*** Records shown ***

(* Let $h,n\geq2$ and let $F$ be a social preference function. Then: (i) $G(F)$ is a subgroup of $G$; (ii) $G_1(F)$ and $G_2(F)$ are subgroups of $G(F)$, with $G_1(F)\leq S_h\times\{id\}$ and $G_2(F)\leq\{id\}\times S_n$; (iii) $\langle G_1(F),G_2(F)\rangle=G_1(F)\times G_2(F)\leq G(F)$, and there exist a pair $(h,n)$ and a social preference function $F$ for which this inclusion is strict; (iv) $G(F)=G_1(F)\times G_2(F)$ if and only if $G(F)=\pi_1(G(F))\times\pi_2(G(F))$, where $\pi_1,\pi_2$ are the projections of $G$ onto $S_h$ and $S_n$; (v) if $G(F)\leq S_h\times\{id\}$ then $G(F)=G_1(F)$, and if $G(F)\leq\{id\}\times S_n$ then $G(F)=G_2(F)$.
   Context: Permutations compose as $(\sigma\tau)(x)=\sigma(\tau(x))$. Let $G=S_h\times S_n$ and $\mathcal{P}=(S_n)^h$ (preference profiles), with $G$ acting by $(p^{(\varphi,\psi)})_i=\psi\,p_{\varphi^{-1}(i)}$. A social preference function is any $F:\mathcal{P}\to S_n$. Its symmetry group is $G(F)=\{(\varphi,\psi)\in G: F(p^{(\varphi,\psi)})=\psi F(p)\ \forall p\in\mathcal{P}\}$, its anonymity group is $G_1(F)=\{(\varphi,id)\in G: F(p^{(\varphi,id)})=F(p)\ \forall p\}$ and its neutrality group is $G_2(F)=\{(id,\psi)\in G: F(p^{(id,\psi)})=\psi F(p)\ \forall p\}$. *)

theory Defs
  imports "HOL-Algebra.Algebra"
begin

definition GG :: "nat \<Rightarrow> nat \<Rightarrow> ((nat \<Rightarrow> nat) \<times> (nat \<Rightarrow> nat)) monoid" where
  "GG h n = DirProd (sym_group h) (sym_group n)"

definition profiles :: "nat \<Rightarrow> nat \<Rightarrow> (nat \<Rightarrow> (nat \<Rightarrow> nat)) set" where
  "profiles h n = {1..h} \<rightarrow>\<^sub>E carrier (sym_group n)"

definition act :: "nat \<Rightarrow> (nat \<Rightarrow> nat) \<times> (nat \<Rightarrow> nat) \<Rightarrow> (nat \<Rightarrow> (nat \<Rightarrow> nat)) \<Rightarrow> (nat \<Rightarrow> (nat \<Rightarrow> nat))" where
  "act h g p = (\<lambda>i\<in>{1..h}. snd g \<circ> p (inv_into UNIV (fst g) i))"

definition spf :: "nat \<Rightarrow> nat \<Rightarrow> ((nat \<Rightarrow> (nat \<Rightarrow> nat)) \<Rightarrow> (nat \<Rightarrow> nat)) \<Rightarrow> bool" where
  "spf h n F \<longleftrightarrow> F \<in> profiles h n \<rightarrow> carrier (sym_group n)"

definition symG where
  "symG h n F = {(\<phi>, \<psi>) \<in> carrier (GG h n).
      \<forall>p\<in>profiles h n. F (act h (\<phi>, \<psi>) p) = \<psi> \<circ> F p}"

definition anonG where
  "anonG h n F = {(\<phi>, \<psi>) \<in> carrier (GG h n). \<psi> = id \<and>
      (\<forall>p\<in>profiles h n. F (act h (\<phi>, id) p) = F p)}"

definition neutG where
  "neutG h n F = {(\<phi>, \<psi>) \<in> carrier (GG h n). \<phi> = id \<and>
      (\<forall>p\<in>profiles h n. F (act h (id, \<psi>) p) = \<psi> \<circ> F p)}"

end

theory Submission
  imports Defs
begin

text \<open>The action of \<open>G\<close> on profiles is a group action, and \<open>G(F)\<close> is exactly the set of
  \<open>g\<close> for which \<open>F\<close> is equivariant, so it is a subgroup. \<open>G\<^sub>1(F)\<close> and \<open>G\<^sub>2(F)\<close> are its
  intersections with the factors \<open>S\<^sub>h \<times> {id}\<close> and \<open>{id} \<times> S\<^sub>n\<close>; these factors commute
  elementwise, so the product \<open>G\<^sub>1(F) G\<^sub>2(F)\<close> is a subgroup and equals the join. An element
  \<open>(\<phi>, \<psi>)\<close> lies in this product iff \<open>(\<phi>, id)\<close> and \<open>(id, \<psi>)\<close> both lie in \<open>G(F)\<close>, and
  (iv) is then pure set reasoning. For strictness, take two voters and four alternatives and
  let \<open>F\<close> rotate the alternatives according to a choice between the voters' top alternatives
  that is twisted by one step when the voters are swapped: swapping the voters together with
  a rotation is a symmetry, swapping alone is not. None of the hypotheses on \<open>h\<close>, \<open>n\<close> and
  \<open>F\<close> is needed.\<close>

lemma (in group) subgroup_set_mult_of_commuting:
  assumes H: "subgroup H G" and K: "subgroup K G"
    and comm: "\<And>x y. x \<in> H \<Longrightarrow> y \<in> K \<Longrightarrow> x \<otimes> y = y \<otimes> x"
  shows "subgroup (H <#> K) G"
proof (rule subgroupI)
  show "H <#> K \<subseteq> carrier G"
    by (simp add: setmult_subset_G H K subgroup.subset)
  have "\<one> \<otimes> \<one> \<in> H <#> K"
    unfolding set_mult_def using H K subgroup.one_closed by blast
  then show "H <#> K \<noteq> {}" by blast
next
  fix x assume "x \<in> H <#> K"
  then obtain h k where h: "h \<in> H" and k: "k \<in> K" and x: "x = h \<otimes> k"
    unfolding set_mult_def by blast
  have "inv x = inv k \<otimes> inv h"
    using x subgroup.mem_carrier[OF H h] subgroup.mem_carrier[OF K k] by (simp add: inv_mult_group)
  also have "\<dots> = inv h \<otimes> inv k"
    by (rule comm[OF subgroup.m_inv_closed[OF H h] subgroup.m_inv_closed[OF K k], symmetric])
  finally show "inv x \<in> H <#> K"
    unfolding set_mult_def using subgroup.m_inv_closed[OF H h] subgroup.m_inv_closed[OF K k] by blast
next
  fix x y assume "x \<in> H <#> K" "y \<in> H <#> K"
  then obtain h1 k1 h2 k2 where h1: "h1 \<in> H" and k1: "k1 \<in> K" and x: "x = h1 \<otimes> k1"
      and h2: "h2 \<in> H" and k2: "k2 \<in> K" and y: "y = h2 \<otimes> k2"
    unfolding set_mult_def by blast
  note carr = subgroup.mem_carrier[OF H h1] subgroup.mem_carrier[OF K k1]
    subgroup.mem_carrier[OF H h2] subgroup.mem_carrier[OF K k2]
  have "x \<otimes> y = h1 \<otimes> (k1 \<otimes> h2) \<otimes> k2"
    using x y carr by (simp add: m_assoc)
  also have "\<dots> = h1 \<otimes> (h2 \<otimes> k1) \<otimes> k2"
    by (simp only: comm[OF h2 k1])
  also have "\<dots> = (h1 \<otimes> h2) \<otimes> (k1 \<otimes> k2)"
    using carr by (simp add: m_assoc)
  finally show "x \<otimes> y \<in> H <#> K"
    unfolding set_mult_def using subgroup.m_closed[OF H h1 h2] subgroup.m_closed[OF K k1 k2] by blast
qed

lemma (in group) generate_Un_eq_set_mult_of_commuting:
  assumes H: "subgroup H G" and K: "subgroup K G"
    and comm: "\<And>x y. x \<in> H \<Longrightarrow> y \<in> K \<Longrightarrow> x \<otimes> y = y \<otimes> x"
  shows "generate G (H \<union> K) = H <#> K"
proof
  have "H \<union> K \<subseteq> H <#> K"
  proof -
    have "x \<otimes> \<one> \<in> H <#> K" if "x \<in> H" for x
      unfolding set_mult_def using that K subgroup.one_closed by blast
    moreover have "\<one> \<otimes> y \<in> H <#> K" if "y \<in> K" for y
      unfolding set_mult_def using that H subgroup.one_closed by blast
    ultimately show ?thesis
      using H K by (auto simp: subgroup.mem_carrier)
  qed
  then show "generate G (H \<union> K) \<subseteq> H <#> K"
    by (rule generate_subgroup_incl[OF _ subgroup_set_mult_of_commuting[OF H K comm]])
next
  show "H <#> K \<subseteq> generate G (H \<union> K)"
  proof
    fix x assume "x \<in> H <#> K"
    then obtain h k where "h \<in> H" "k \<in> K" "x = h \<otimes> k"
      unfolding set_mult_def by blast
    then show "x \<in> generate G (H \<union> K)"
      by (simp add: generate.eng generate.incl)
  qed
qed

lemma set_eq_Times_fst_snd_iff:
  assumes "(a, b) \<in> S"
  shows "S = {(x, y). (x, b) \<in> S \<and> (a, y) \<in> S} \<longleftrightarrow> S = fst ` S \<times> snd ` S"
proof
  assume S: "S = {(x, y). (x, b) \<in> S \<and> (a, y) \<in> S}"
  have mem: "(x, y) \<in> S \<longleftrightarrow> (x, b) \<in> S \<and> (a, y) \<in> S" for x y
    using S[unfolded set_eq_iff, rule_format, of "(x, y)"] by simp
  have "(x, y) \<in> S" if "(x, y') \<in> S" "(x', y) \<in> S" for x y x' y'
    using that mem by blast
  then show "S = fst ` S \<times> snd ` S"
    by force
next
  assume S: "S = fst ` S \<times> snd ` S"
  have mem: "(x, y) \<in> S \<longleftrightarrow> x \<in> fst ` S \<and> y \<in> snd ` S" for x y
    using S[unfolded set_eq_iff, rule_format, of "(x, y)"] by simp
  have "a \<in> fst ` S" "b \<in> snd ` S"
    using assms by force+
  then show "S = {(x, y). (x, b) \<in> S \<and> (a, y) \<in> S}"
    using mem by auto
qed

lemma group_GG: "group (GG h n)"
  unfolding GG_def by (intro DirProd_group sym_group_is_group)

lemma carrier_GG: "carrier (GG h n) = {a. a permutes {1..h}} \<times> {b. b permutes {1..n}}"
  unfolding GG_def by (simp add: sym_group_def)

lemma mult_GG [simp]: "(a, b) \<otimes>\<^bsub>GG h n\<^esub> (c, d) = (a \<circ> c, b \<circ> d)"
  unfolding GG_def by (simp add: sym_group_def)

lemma inv_GG: "(a, b) \<in> carrier (GG h n) \<Longrightarrow> inv\<^bsub>GG h n\<^esub> (a, b) = (inv' a, inv' b)"
  unfolding GG_def by (subst inv_DirProd) (auto simp: sym_group_is_group)

lemma subgroup_GG_fst_factor: "subgroup (carrier (sym_group h) \<times> {id}) (GG h n)"
  using DirProd_subgroups[OF sym_group_is_group group.subgroup_self[OF sym_group_is_group]
      sym_group_is_group group.triv_subgroup[OF sym_group_is_group]]
  by (simp add: GG_def sym_group_one)

lemma subgroup_GG_snd_factor: "subgroup ({id} \<times> carrier (sym_group n)) (GG h n)"
  using DirProd_subgroups[OF sym_group_is_group group.triv_subgroup[OF sym_group_is_group]
      sym_group_is_group group.subgroup_self[OF sym_group_is_group]]
  by (simp add: GG_def sym_group_one)

lemma act_in_profiles:
  assumes a: "a permutes {1..h}" and b: "b permutes {1..n}" and p: "p \<in> profiles h n"
  shows "act h (a, b) p \<in> profiles h n"
proof -
  have "p (inv' a i) permutes {1..n}" if "i \<in> {1..h}" for i
    using p permutes_in_image[OF permutes_inv[OF a]] that
    by (auto simp: profiles_def sym_group_def)
  then show ?thesis
    using b by (auto simp: act_def profiles_def sym_group_def intro: permutes_compose)
qed

lemma act_id:
  assumes "p \<in> profiles h n"
  shows "act h (id, id) p = p"
  using assms by (auto simp: act_def profiles_def PiE_def extensional_def)

lemma act_comp:
  assumes a1: "a1 permutes {1..h}" and a2: "a2 permutes {1..h}"
  shows "act h (a1 \<circ> a2, b1 \<circ> b2) p = act h (a1, b1) (act h (a2, b2) p)"
proof
  fix i
  have "inv' (a1 \<circ> a2) = inv' a2 \<circ> inv' a1"
    using a1 a2 by (simp add: o_inv_distrib permutes_bij)
  moreover have "inv' a1 i \<in> {1..h}" if "i \<in> {1..h}"
    using that permutes_in_image[OF permutes_inv[OF a1]] by simp
  ultimately show "act h (a1 \<circ> a2, b1 \<circ> b2) p i = act h (a1, b1) (act h (a2, b2) p) i"
    by (cases "i \<in> {1..h}") (simp_all add: act_def o_assoc del: atLeastAtMost_iff)
qed

context
  fixes F :: "(nat \<Rightarrow> nat \<Rightarrow> nat) \<Rightarrow> nat \<Rightarrow> nat"
begin

lemma symG_iff: "(a, b) \<in> symG h n F \<longleftrightarrow> a permutes {1..h} \<and> b permutes {1..n} \<and>
    (\<forall>p\<in>profiles h n. F (act h (a, b) p) = b \<circ> F p)"
  by (simp add: symG_def carrier_GG)

lemma id_in_symG: "(id, id) \<in> symG h n F"
  by (simp add: symG_iff permutes_id act_id)

lemma comp_in_symG:
  assumes g1: "(a1, b1) \<in> symG h n F" and g2: "(a2, b2) \<in> symG h n F"
  shows "(a1 \<circ> a2, b1 \<circ> b2) \<in> symG h n F"
proof -
  have a1: "a1 permutes {1..h}" and b1: "b1 permutes {1..n}"
    and F1: "\<forall>q\<in>profiles h n. F (act h (a1, b1) q) = b1 \<circ> F q"
    using g1 unfolding symG_iff by blast+
  have a2: "a2 permutes {1..h}" and b2: "b2 permutes {1..n}"
    and F2: "\<forall>q\<in>profiles h n. F (act h (a2, b2) q) = b2 \<circ> F q"
    using g2 unfolding symG_iff by blast+
  have "F (act h (a1 \<circ> a2, b1 \<circ> b2) p) = (b1 \<circ> b2) \<circ> F p" if p: "p \<in> profiles h n" for p
  proof -
    have "F (act h (a1 \<circ> a2, b1 \<circ> b2) p) = F (act h (a1, b1) (act h (a2, b2) p))"
      by (simp only: act_comp[OF a1 a2])
    also have "\<dots> = b1 \<circ> F (act h (a2, b2) p)"
      using F1 act_in_profiles[OF a2 b2 p] by blast
    also have "\<dots> = b1 \<circ> (b2 \<circ> F p)"
      using F2 p by simp
    finally show ?thesis
      by (simp only: o_assoc)
  qed
  then show ?thesis
    using a1 a2 b1 b2 by (simp add: symG_iff permutes_compose)
qed

lemma inv_in_symG:
  assumes g: "(a, b) \<in> symG h n F"
  shows "(inv' a, inv' b) \<in> symG h n F"
proof -
  have a: "a permutes {1..h}" and b: "b permutes {1..n}"
    and Fg: "\<forall>q\<in>profiles h n. F (act h (a, b) q) = b \<circ> F q"
    using g unfolding symG_iff by blast+
  have "F (act h (inv' a, inv' b) p) = inv' b \<circ> F p" if p: "p \<in> profiles h n" for p
  proof -
    define q where "q = act h (inv' a, inv' b) p"
    have q: "q \<in> profiles h n"
      unfolding q_def using act_in_profiles[OF permutes_inv[OF a] permutes_inv[OF b] p] .
    have "act h (a, b) q = act h (a \<circ> inv' a, b \<circ> inv' b) p"
      unfolding q_def by (rule act_comp[OF a permutes_inv[OF a], symmetric])
    also have "\<dots> = p"
      using act_id[OF p] by (simp only: permutes_inv_o[OF a] permutes_inv_o[OF b])
    finally have "F p = b \<circ> F q"
      using Fg q by metis
    then have "inv' b \<circ> F p = F q"
      using permutes_inv_o(2)[OF b] by (simp add: o_assoc)
    then show ?thesis
      by (simp add: q_def)
  qed
  then show ?thesis
    using a b by (simp add: symG_iff permutes_inv)
qed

*** End of Records shown ***

== Task description ==
Go through the records and show every line with the string "social" in it.

== Answer box ==
(* Let $h,n\geq2$ and let $F$ be a social preference function. Then: (i) $G(F)$ is a subgroup of $G$; (ii) $G_1(F)$ and $G_2(F)$ are subgroups of $G(F)$, with $G_1(F)\leq S_h\times\{id\}$ and $G_2(F)\leq\{id\}\times S_n$; (iii) $\langle G_1(F),G_2(F)\rangle=G_1(F)\times G_2(F)\leq G(F)$, and there exist a pair $(h,n)$ and a social preference function $F$ for which this inclusion is strict; (iv) $G(F)=G_1(F)\times G_2(F)$ if and only if $G(F)=\pi_1(G(F))\times\pi_2(G(F))$, where $\pi_1,\pi_2$ are the projections of $G$ onto $S_h$ and $S_n$; (v) if $G(F)\leq S_h\times\{id\}$ then $G(F)=G_1(F)$, and if $G(F)\leq\{id\}\times S_n$ then $G(F)=G_2(F)$.
   Context: Permutations compose as $(\sigma\tau)(x)=\sigma(\tau(x))$. Let $G=S_h\times S_n$ and $\mathcal{P}=(S_n)^h$ (preference profiles), with $G$ acting by $(p^{(\varphi,\psi)})_i=\psi\,p_{\varphi^{-1}(i)}$. A social preference function is any $F:\mathcal{P}\to S_n$. Its symmetry group is $G(F)=\{(\varphi,\psi)\in G: F(p^{(\varphi,\psi)})=\psi F(p)\ \forall p\in\mathcal{P}\}$, its anonymity group is $G_1(F)=\{(\varphi,id)\in G: F(p^{(\varphi,id)})=F(p)\ \forall p\}$ and its neutrality group is $G_2(F)=\{(id,\psi)\in G: F(p^{(id,\psi)})=\psi F(p)\ \forall p\}$. *)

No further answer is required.